Both artists are visionaries. Coleman came out of Fort Worth Texas to usher in The Shape of Jazz to Come in 1959. Smith came out of Chicago's Association for the Advancement of Creative Musicians (AACM). Coleman won a 2007 Pulitzer. Smith was one of three finalists for a 2013 Pulitzer. This year he did win a Doris Duke Artist Award, an honorary doctorate from CalArts and a Mohn Award for Career Achievement.
Smith's longtime Golden Quartet-pianist Anthony Davis, bassist John Lindberg and drummer Pheeroan akLaff-is joined by cellist Ashley Walters.

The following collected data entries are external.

(* Let $(X,d)$ be a nonempty homogeneous compact metric space of diameter $D$, and let $m$ be a Borel probability measure on $X$ that is invariant under all isometries of $X$. Let $A=\int_{X\times X} d(x,y)\,d(m\times m)(x,y)$ and let $\mu = 1-(m\times m)(\Delta)$, where $\Delta=\{(x,x):x\in X\}$ is the diagonal. Then $$\frac{D}{2}\le A\le \mu D.$$ Furthermore, $\mu=1$ if every point of $X$ has $m$-measure zero, and $\mu=1-\frac1n$ if $X$ is finite with $|X|=n$.
   Context: A metric space is homogeneous if its isometry group acts transitively on its points. The diameter is $D=\sup_{x,y\in X} d(x,y)$. *)

theory Defs
  imports "HOL-Analysis.Analysis" "HOL-Probability.Probability"
begin

definition isometry :: "('a::metric_space \<Rightarrow> 'a) \<Rightarrow> bool" where
  "isometry f \<longleftrightarrow> bij f \<and> (\<forall>x y. dist (f x) (f y) = dist x y)"

definition homogeneous_space :: "'a::metric_space itself \<Rightarrow> bool" where
  "homogeneous_space _ \<longleftrightarrow> (\<forall>x y::'a. \<exists>f. isometry f \<and> f x = y)"

end

theory Submission
  imports Defs
begin

text \<open>
  Let F(x) be the mean distance from x, the integral of d(x,y) over y with
  respect to m.  An isometry is continuous, hence Borel measurable, and by invariance it
  pushes m forward to m itself; therefore F is invariant under isometries and, by
  homogeneity, F is a constant c.  Fubini's theorem gives A = c.  Integrating the triangle
  inequality d(p,q) \<le> d(p,y) + d(q,y) over y yields d(p,q) \<le> 2c, whence D \<le> 2A.
  The upper bound comes from integrating the pointwise estimate
  d \<le> D (1 - indicator of the diagonal) over m \<times> m.  Fubini also expresses the measure
  of the diagonal as the integral of the point masses m{x}; these vanish in the atomless
  case, and in the finite case homogeneity forces them all to equal 1/n.

  The one technical point is measurability of the distance for the product sigma-algebra
  borel \<Otimes> borel, which need not contain all Borel sets of X \<times> X.  A compact metric
  space is separable, and d(x,y) is the infimum of d(x,c) + d(c,y) over a countable dense
  set of points c, a countable infimum of measurable functions.
\<close>

section \<open>Measurability of the distance on a compact metric space\<close>

text \<open>A compact subset of a metric space contains a countable dense subset
  (it is totally bounded: take finite 1/(n+1)-nets for all n).\<close>
lemma compact_countable_dense_subset:
  fixes S :: "'a::metric_space set"
  assumes "compact S"
  obtains C where "countable C" "C \<subseteq> S" "\<And>x e. x \<in> S \<Longrightarrow> e > 0 \<Longrightarrow> \<exists>c\<in>C. dist x c < e"
proof -
  have "\<forall>n::nat. \<exists>K. finite K \<and> K \<subseteq> S \<and> S \<subseteq> (\<Union>c\<in>K. ball c (inverse (real (Suc n))))"
    using seq_compact_imp_totally_bounded[OF compact_imp_seq_compact[OF assms]] by simp
  then obtain K where K: "\<forall>n. finite (K n) \<and> K n \<subseteq> S
      \<and> S \<subseteq> (\<Union>c\<in>K n. ball c (inverse (real (Suc n))))"
    by (rule choice[THEN exE])
  then have K_finite: "finite (K n)" and K_sub: "K n \<subseteq> S"
    and K_net: "S \<subseteq> (\<Union>c\<in>K n. ball c (inverse (real (Suc n))))" for n
    by blast+
  have "\<exists>c\<in>(\<Union>n. K n). dist x c < e" if "x \<in> S" "e > 0" for x e
  proof -
    obtain n where n: "inverse (real (Suc n)) < e"
      using reals_Archimedean[OF \<open>e > 0\<close>] by blast
    obtain c where "c \<in> K n" "dist c x < inverse (real (Suc n))"
      using K_net[of n] \<open>x \<in> S\<close> by auto
    then have "c \<in> (\<Union>n. K n)" and "dist x c < e"
      using n by (auto simp: dist_commute)
    then show ?thesis by blast
  qed
  moreover have "countable (\<Union>n. K n)"
    using K_finite by (simp add: countable_finite)
  moreover have "(\<Union>n. K n) \<subseteq> S"
    using K_sub by blast
  ultimately show thesis
    using that by blast
qed

lemma dist_eq_INF_dense:
  fixes C :: "'a::metric_space set"
  assumes dense: "\<And>z e. e > 0 \<Longrightarrow> \<exists>c\<in>C. dist z c < e"
  shows "dist x y = (INF c\<in>C. dist x c + dist c y)"
proof (rule antisym)
  have "C \<noteq> {}" using dense[of 1] by auto
  then show "dist x y \<le> (INF c\<in>C. dist x c + dist c y)"
    by (intro cINF_greatest) (auto intro: dist_triangle)
  have bdd: "bdd_below ((\<lambda>c. dist x c + dist c y) ` C)"
    by (rule bdd_belowI[of _ 0]) auto
  show "(INF c\<in>C. dist x c + dist c y) \<le> dist x y"
  proof (rule field_le_epsilon)
    fix e :: real
    assume "e > 0"
    then obtain c where c: "c \<in> C" "dist y c < e / 2"
      using dense[of "e / 2" y] by auto
    have "(INF c\<in>C. dist x c + dist c y) \<le> dist x c + dist c y"
      by (rule cINF_lower[OF bdd c(1)])
    also have "\<dots> \<le> dist x y + 2 * dist y c"
      using dist_triangle[of x c y] by (simp add: dist_commute)
    finally show "(INF c\<in>C. dist x c + dist c y) \<le> dist x y + e"
      using c(2) by simp
  qed
qed

text \<open>On a compact metric space the distance is measurable for the product of the Borel
  sigma-algebras: it is a countable infimum of sums of continuous functions of one
  coordinate each.\<close>
lemma borel_measurable_dist_pair:
  assumes "compact (UNIV :: 'a::metric_space set)"
  shows "(\<lambda>(x, y). dist x y) \<in> borel_measurable (borel \<Otimes>\<^sub>M (borel :: 'a measure))"
proof -
  obtain C :: "'a set" where "countable C"
    and dense: "\<And>x e. x \<in> UNIV \<Longrightarrow> e > 0 \<Longrightarrow> \<exists>c\<in>C. dist x c < e"
    by (rule compact_countable_dense_subset[OF assms]) (rule that; assumption)
  have eq: "(\<lambda>(x, y). dist x y) = (\<lambda>p. INF c\<in>C. dist (fst p) c + dist c (snd p :: 'a))"
    unfolding case_prod_beta by (rule ext) (rule dist_eq_INF_dense, rule dense, simp_all)
  have dist_to: "(\<lambda>x::'a. dist x c) \<in> borel_measurable borel" for c
    by (intro borel_measurable_continuous_onI continuous_intros)
  have dist_from: "(\<lambda>x::'a. dist c x) \<in> borel_measurable borel" for c
    by (intro borel_measurable_continuous_onI continuous_intros)
  have "(\<lambda>p. dist (fst p) c + dist c (snd p :: 'a)) \<in> borel_measurable (borel \<Otimes>\<^sub>M borel)" for c
    using measurable_compose[OF measurable_fst dist_to[of c]]
      measurable_compose[OF measurable_snd dist_from[of c]]
    by (intro borel_measurable_add) (auto simp: o_def)
  then show ?thesis
    unfolding eq by (intro borel_measurable_cINF_real \<open>countable C\<close>)
qed

lemma borel_measurable_dist_pair_measure:
  fixes m :: "'a::metric_space measure"
  assumes "compact (UNIV :: 'a set)" and "sets m = sets borel"
  shows "(\<lambda>(x, y). dist x y) \<in> borel_measurable (m \<Otimes>\<^sub>M m)"
  using borel_measurable_dist_pair[OF assms(1)]
    measurable_cong_sets[OF sets_pair_measure_cong[OF assms(2) assms(2)] refl]
  by blast

text \<open>Consequently the diagonal, the zero set of the distance, is measurable in m \<Otimes> m.\<close>
lemma diagonal_in_sets_pair_measure:
  fixes m :: "'a::metric_space measure"
  assumes "compact (UNIV :: 'a set)" and "sets m = sets borel"
  shows "{(x, x) | x. True} \<in> sets (m \<Otimes>\<^sub>M m)"
proof -
  have "space (m \<Otimes>\<^sub>M m) = UNIV"
    using sets_eq_imp_space_eq[OF assms(2)] by (simp add: space_pair_measure)
  then have zero_set: "{(x, x) | x. True} = (\<lambda>(x, y). dist x y) -` {0} \<inter> space (m \<Otimes>\<^sub>M m)"
    by auto
  show ?thesis
    unfolding zero_set by (rule measurable_sets[OF borel_measurable_dist_pair_measure[OF assms]]) simp
qed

Smith takes full advantage of the sonic possibilities of a cello/trumpet front line.
Opener "New Orleans: The National Culture Park" was written for that town's cultural history that has informed so much great American music. Over 20 minutes long, it's a somber celebration (check out the excerpt below) leading straight into "Eileen Jackson Southern, 1920-2002, A Literary National Park," named after the author of The Black Perspective in Music. With these first two tracks, Smith expands the vernacular of what constitutes American Treasures.
The final track on CD #1 ("Yellowstone"), for this first National Park, established in 1872, features cello/trumpet interplay of profound hit and runs. Smith and Walters spur each other on to heights as high as the Sequoia trees, among the largest and oldest trees in the world (the grandiose packaging contains portraits of the kind of magisterial beauty that has inspired him).
CD #2 starts with "The Mississippi River: Dark and Deep Dreams Flow..." The music is kinetic, rushing, splashing and almost stopping at one point (for contemplation at river's edge?). Over a half-hour long, it meanders here and there with the rhythm section flowing into it like a tributary. Oddly off-putting at first, its pleasures take getting used to. With the 15:23 "Yosemite: the Glaciers, the Falls, the Wells and the Valley of Goodwill 1890," the project closes on a celestial note, one of natural beauty but only if you can open your mind and put aside your preconceptions of meter, tempo, rhythmic thrust and melody. Smith lives on a different plane. As the late singer-songwriter Leonard Cohen used to say, "there is a crack in everything, that's how the light gets in." Smith works well in life's in-betweens.